**Problem details**
Reproduce, exactly and in full, only the lines below from the one containing "(\<forall>x y. E x y \<longrightarrow>" through the one containing "E C \<longleftrightarrow>".

**Working data**

(* Let $G$ act on the CAT(0) cube complex $X$ by automorphisms non-transversely, let $\gamma$ be a segment and $x_0$ a vertex of $X$. Then the map $\phi_\gamma:G\to\mathbb R$, $\phi_\gamma(g)=\omega_\gamma(x_0,gx_0)$, is a quasimorphism with defect $D(\phi_\gamma)=\sup_{g,h\in G}|\phi_\gamma(gh)-\phi_\gamma(g)-\phi_\gamma(h)|\le 6$. Consequently its homogenisation $\overline\phi_\gamma(g)=\lim_{n\to\infty}\phi_\gamma(g^n)/n$ is a homogeneous quasimorphism with defect at most $12$.
   Context: $\mathcal{H}(X)$ is the set of halfspaces of $X$, $\overline\Phi$ the complement of $\Phi$. Two halfspaces are nested if one of $\Phi\subseteq\Psi$, $\overline{\Phi}\subseteq\Psi$, $\Phi\subseteq\overline{\Psi}$, $\overline{\Phi}\subseteq\overline{\Psi}$ holds, transverse otherwise; the action is non-transverse if there are no $\Phi\in\mathcal H(X)$, $h\in G$ with $\Phi$ and $h\Phi$ transverse. $\Phi\supsetneq\Psi$ tightly means $\Phi\supsetneq\Psi$ and no halfspace $\Phi'$ satisfies $\Phi\supsetneq\Phi'\supsetneq\Psi$. For vertices $x,y$, $[x,y]=\{\Phi\in\mathcal H(X): x\notin\Phi,\ y\in\Phi\}$. A segment is a finite sequence $\gamma=(\Phi_0,\dots,\Phi_r)$, $r\ge0$, of halfspaces with $\Phi_i\supsetneq\Phi_{i+1}$ tightly; its reverse is $\overline\gamma=(\overline\Phi_r,\dots,\overline\Phi_0)$. Two segments overlap if some halfspace of one is equal or transverse to some halfspace of the other. A segment is in $[x,y]$ if all its halfspaces lie in $[x,y]$. Copies of $\gamma$ are the segments $h\gamma$, $h\in G$. $c_\gamma(x,y)$ is the largest cardinality of a set of pairwise non-overlapping copies of $\gamma$ all lying in $[x,y]$, and $\omega_\gamma(x,y)=c_\gamma(x,y)-c_{\overline\gamma}(x,y)$. *)

theory Defs
  imports Complex_Main "HOL-Algebra.Group"
begin

text \<open>A CAT(0) cube complex is represented by its 1-skeleton, a median graph
  (Chepoi, Roller): vertices are the elements of the type 'v, edges given by E.\<close>

definition walk :: "('v \<Rightarrow> 'v \<Rightarrow> bool) \<Rightarrow> 'v list \<Rightarrow> bool" where
  "walk E p \<longleftrightarrow> p \<noteq> [] \<and> (\<forall>i. Suc i < length p \<longrightarrow> E (p ! i) (p ! Suc i))"

definition gdist :: "('v \<Rightarrow> 'v \<Rightarrow> bool) \<Rightarrow> 'v \<Rightarrow> 'v \<Rightarrow> nat" where
  "gdist E x y = (LEAST n. \<exists>p. walk E p \<and> hd p = x \<and> last p = y \<and> length p = Suc n)"

definition interval :: "('v \<Rightarrow> 'v \<Rightarrow> bool) \<Rightarrow> 'v \<Rightarrow> 'v \<Rightarrow> 'v set" where
  "interval E x y = {z. gdist E x z + gdist E z y = gdist E x y}"

definition median_graph :: "('v \<Rightarrow> 'v \<Rightarrow> bool) \<Rightarrow> bool" where
  "median_graph E \<longleftrightarrow>
     (\<forall>x y. E x y \<longrightarrow> E y x) \<and> (\<forall>x. \<not> E x x) \<and>
     (\<forall>x y. \<exists>p. walk E p \<and> hd p = x \<and> last p = y) \<and>
     (\<forall>x y z. \<exists>!m. m \<in> interval E x y \<inter> interval E y z \<inter> interval E x z)"

definition gconvex :: "('v \<Rightarrow> 'v \<Rightarrow> bool) \<Rightarrow> 'v set \<Rightarrow> bool" where
  "gconvex E C \<longleftrightarrow> (\<forall>x\<in>C. \<forall>y\<in>C. interval E x y \<subseteq> C)"

definition halfspaces :: "('v \<Rightarrow> 'v \<Rightarrow> bool) \<Rightarrow> 'v set set" where
  "halfspaces E = {H. H \<noteq> {} \<and> H \<noteq> UNIV \<and> gconvex E H \<and> gconvex E (- H)}"

definition nested :: "'v set \<Rightarrow> 'v set \<Rightarrow> bool" where
  "nested A B \<longleftrightarrow> A \<subseteq> B \<or> - A \<subseteq> B \<or> A \<subseteq> - B \<or> - A \<subseteq> - B"

definition transverse :: "'v set \<Rightarrow> 'v set \<Rightarrow> bool" where
  "transverse A B \<longleftrightarrow> \<not> nested A B"

definition tightly_contains :: "('v \<Rightarrow> 'v \<Rightarrow> bool) \<Rightarrow> 'v set \<Rightarrow> 'v set \<Rightarrow> bool" where
  "tightly_contains E A B \<longleftrightarrow> B \<subset> A \<and> \<not> (\<exists>C\<in>halfspaces E. B \<subset> C \<and> C \<subset> A)"

definition segment :: "('v \<Rightarrow> 'v \<Rightarrow> bool) \<Rightarrow> 'v set list \<Rightarrow> bool" where
  "segment E s \<longleftrightarrow> s \<noteq> [] \<and> set s \<subseteq> halfspaces E \<and>
     (\<forall>i. Suc i < length s \<longrightarrow> tightly_contains E (s ! i) (s ! Suc i))"

definition rev_segment :: "'v set list \<Rightarrow> 'v set list" where
  "rev_segment s = rev (map uminus s)"

definition overlap :: "'v set list \<Rightarrow> 'v set list \<Rightarrow> bool" where
  "overlap s t \<longleftrightarrow> (\<exists>A\<in>set s. \<exists>B\<in>set t. A = B \<or> transverse A B)"

definition sep :: "('v \<Rightarrow> 'v \<Rightarrow> bool) \<Rightarrow> 'v \<Rightarrow> 'v \<Rightarrow> 'v set set" where
  "sep E x y = {H \<in> halfspaces E. x \<notin> H \<and> y \<in> H}"

definition aut_action :: "('g, 'b) monoid_scheme \<Rightarrow> ('v \<Rightarrow> 'v \<Rightarrow> bool) \<Rightarrow> ('g \<Rightarrow> 'v \<Rightarrow> 'v) \<Rightarrow> bool" where
  "aut_action G E act \<longleftrightarrow> group G \<and>
     (\<forall>g\<in>carrier G. bij (act g) \<and> (\<forall>x y. E x y \<longleftrightarrow> E (act g x) (act g y))) \<and>
     act \<one>\<^bsub>G\<^esub> = id \<and>
     (\<forall>g\<in>carrier G. \<forall>h\<in>carrier G. act (g \<otimes>\<^bsub>G\<^esub> h) = act g \<circ> act h)"

definition non_transverse :: "('g, 'b) monoid_scheme \<Rightarrow> ('v \<Rightarrow> 'v \<Rightarrow> bool) \<Rightarrow> ('g \<Rightarrow> 'v \<Rightarrow> 'v) \<Rightarrow> bool" where
  "non_transverse G E act \<longleftrightarrow>
     \<not> (\<exists>H\<in>halfspaces E. \<exists>h\<in>carrier G. transverse H (act h ` H))"

definition copy :: "('g \<Rightarrow> 'v \<Rightarrow> 'v) \<Rightarrow> 'g \<Rightarrow> 'v set list \<Rightarrow> 'v set list" where
  "copy act h s = map (\<lambda>H. act h ` H) s"

definition cnt :: "('g, 'b) monoid_scheme \<Rightarrow> ('v \<Rightarrow> 'v \<Rightarrow> bool) \<Rightarrow> ('g \<Rightarrow> 'v \<Rightarrow> 'v)
    \<Rightarrow> 'v set list \<Rightarrow> 'v \<Rightarrow> 'v \<Rightarrow> nat" where
  "cnt G E act s x y = Max {card S | S.
      S \<subseteq> {copy act h s | h. h \<in> carrier G} \<and>
      (\<forall>t\<in>S. set t \<subseteq> sep E x y) \<and>
      (\<forall>t\<in>S. \<forall>u\<in>S. t \<noteq> u \<longrightarrow> \<not> overlap t u)}"

definition omega :: "('g, 'b) monoid_scheme \<Rightarrow> ('v \<Rightarrow> 'v \<Rightarrow> bool) \<Rightarrow> ('g \<Rightarrow> 'v \<Rightarrow> 'v)
    \<Rightarrow> 'v set list \<Rightarrow> 'v \<Rightarrow> 'v \<Rightarrow> int" where
  "omega G E act s x y = int (cnt G E act s x y) - int (cnt G E act (rev_segment s) x y)"

end

(*
  For m in the interval between a and b, a maximal family of pairwise non-overlapping copies of
  gamma in [a, b] consists of copies in [a, m], copies in [m, b] and at most one copy crossing m,
  since two crossing copies would violate tightness.  Conversely, maximal families in [a, m] and
  [m, b] merge into one in [a, b] after discarding at most one copy: by non-transversality the
  first halfspaces of any two copies are nested, so only one copy in [a, m] can fail to lie
  above all copies in [m, b].  Hence c_gamma is additive up to 1 across medians, and applying
  this to the six ordered pairs of the triangle x0, g x0, gh x0 and its median bounds the defect
  of phi_gamma by 6.  Invariance of c_gamma under G and c_(reverse gamma)(x, y) = c_gamma(y, x)
  make phi_gamma antisymmetric.  The homogenisation of an antisymmetric quasimorphism exists by a
  Cauchy argument and at most doubles the defect, by Bavard's estimate for a^N b^N (ab)^-N.
*)

theory Submission
  imports Defs
begin

section \<open>Homogenisation of antisymmetric quasimorphisms\<close>

lemma nonpos_if_multiples_bounded:
  fixes x C :: real
  assumes "\<And>n::nat. n \<ge> 1 \<Longrightarrow> real n * x \<le> C"
  shows "x \<le> 0"
proof (rule ccontr)
  assume "\<not> x \<le> 0"
  then have x: "x > 0" by simp
  obtain n :: nat where n: "max C 0 / x < real n" using reals_Archimedean2 by blast
  then have "n \<ge> 1" using x by (cases n) (auto simp: field_simps)
  moreover have "max C 0 < real n * x" using n x by (simp add: field_simps)
  ultimately show False using assms by fastforce
qed

lemma (in group) inv_mult_cancel:
  "x \<in> carrier G \<Longrightarrow> y \<in> carrier G \<Longrightarrow> inv x \<otimes> (x \<otimes> y) = y"
  by (simp add: m_assoc[symmetric])

lemma (in group) mult_inv_cancel:
  "x \<in> carrier G \<Longrightarrow> y \<in> carrier G \<Longrightarrow> x \<otimes> (inv x \<otimes> y) = y"
  by (simp add: m_assoc[symmetric])

locale antisymmetric_quasimorphism = group G for G (structure) +
  fixes \<phi> :: "'a \<Rightarrow> real" and D :: real
  assumes defect: "\<And>g h. g \<in> carrier G \<Longrightarrow> h \<in> carrier G \<Longrightarrow> \<bar>\<phi> (g \<otimes> h) - \<phi> g - \<phi> h\<bar> \<le> D"
    and antisymmetric: "\<And>g. g \<in> carrier G \<Longrightarrow> \<phi> (inv g) = - \<phi> g"
begin

lemma phi_one: "\<phi> \<one> = 0"
  using antisymmetric[of \<one>] by simp

lemma defect_nonneg: "0 \<le> D"
  using defect[of \<one> \<one>] by (simp add: phi_one)

lemma pow_mult_defect:
  assumes g: "g \<in> carrier G"
  shows "\<bar>\<phi> (g [^] (m * n)) - real m * \<phi> (g [^] n)\<bar> \<le> real m * D"
proof (induction m)
  case 0
  then show ?case by (simp add: phi_one)
next
  case (Suc m)
  have "g [^] (Suc m * n) = g [^] (m * n) \<otimes> g [^] n"
    using g by (simp add: nat_pow_mult add.commute)
  moreover have "\<bar>\<phi> (g [^] (m * n) \<otimes> g [^] n) - \<phi> (g [^] (m * n)) - \<phi> (g [^] n)\<bar> \<le> D"
    using g by (intro defect) auto
  ultimately show ?case using Suc by (simp add: algebra_simps)
qed

lemma pow_quotient_mult_close:
  assumes g: "g \<in> carrier G" and m: "m \<ge> 1" and n: "n \<ge> 1"
  shows "\<bar>\<phi> (g [^] (m * n)) / real (m * n) - \<phi> (g [^] n) / real n\<bar> \<le> D / real n"
proof -
  have "\<phi> (g [^] (m * n)) / real (m * n) - \<phi> (g [^] n) / real n
      = (\<phi> (g [^] (m * n)) - real m * \<phi> (g [^] n)) / (real m * real n)"
    using m n by (simp add: field_simps)
  also have "\<bar>\<dots>\<bar> = \<bar>\<phi> (g [^] (m * n)) - real m * \<phi> (g [^] n)\<bar> / (real m * real n)"
    by (simp add: abs_divide)
  also have "\<dots> \<le> real m * D / (real m * real n)"
    by (rule divide_right_mono[OF pow_mult_defect[OF g]]) simp
  also have "\<dots> = D / real n"
    using m by simp
  finally show ?thesis .
qed

lemma pow_quotients_close:
  assumes g: "g \<in> carrier G" and m: "m \<ge> 1" and n: "n \<ge> 1"
  shows "\<bar>\<phi> (g [^] m) / real m - \<phi> (g [^] n) / real n\<bar> \<le> D / real m + D / real n"
  using pow_quotient_mult_close[OF g m n] pow_quotient_mult_close[OF g n m]
  by (simp add: mult.commute)

lemma pow_quotients_Cauchy:
  assumes g: "g \<in> carrier G"
  shows "Cauchy (\<lambda>n. \<phi> (g [^] n) / real n)"
proof (rule metric_CauchyI)
  fix e :: real
  assume e: "e > 0"
  obtain M :: nat where "max (2 * D / e) 1 < real M"
    using reals_Archimedean2 by blast
  then have M: "2 * D / e < real M" "M \<ge> 1"
    by auto
  have "\<bar>\<phi> (g [^] m) / real m - \<phi> (g [^] n) / real n\<bar> < e" if "m \<ge> M" "n \<ge> M" for m n
  proof -
    have "D / real m \<le> D / real M" "D / real n \<le> D / real M"
      using that M(2) defect_nonneg by (auto intro!: divide_left_mono)
    moreover have "D / real M < e / 2"
      using M e by (simp add: field_simps)
    moreover have "\<bar>\<phi> (g [^] m) / real m - \<phi> (g [^] n) / real n\<bar> \<le> D / real m + D / real n"
      using pow_quotients_close[OF g, of m n] that M(2) by simp
    ultimately show ?thesis
      by linarith
  qed
  then show "\<exists>M. \<forall>m\<ge>M. \<forall>n\<ge>M. dist (\<phi> (g [^] m) / real m) (\<phi> (g [^] n) / real n) < e"
    by (auto simp: dist_real_def)
qed

definition homogenization :: "'a \<Rightarrow> real" where
  "homogenization g = lim (\<lambda>n. \<phi> (g [^] n) / real n)"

**Answer area**
     (\<forall>x y. E x y \<longrightarrow> E y x) \<and> (\<forall>x. \<not> E x x) \<and>
     (\<forall>x y. \<exists>p. walk E p \<and> hd p = x \<and> last p = y) \<and>
     (\<forall>x y z. \<exists>!m. m \<in> interval E x y \<inter> interval E y z \<inter> interval E x z)"

definition gconvex :: "('v \<Rightarrow> 'v \<Rightarrow> bool) \<Rightarrow> 'v set \<Rightarrow> bool" where
  "gconvex E C \<longleftrightarrow> (\<forall>x\<in>C. \<forall>y\<in>C. interval E x y \<subseteq> C)"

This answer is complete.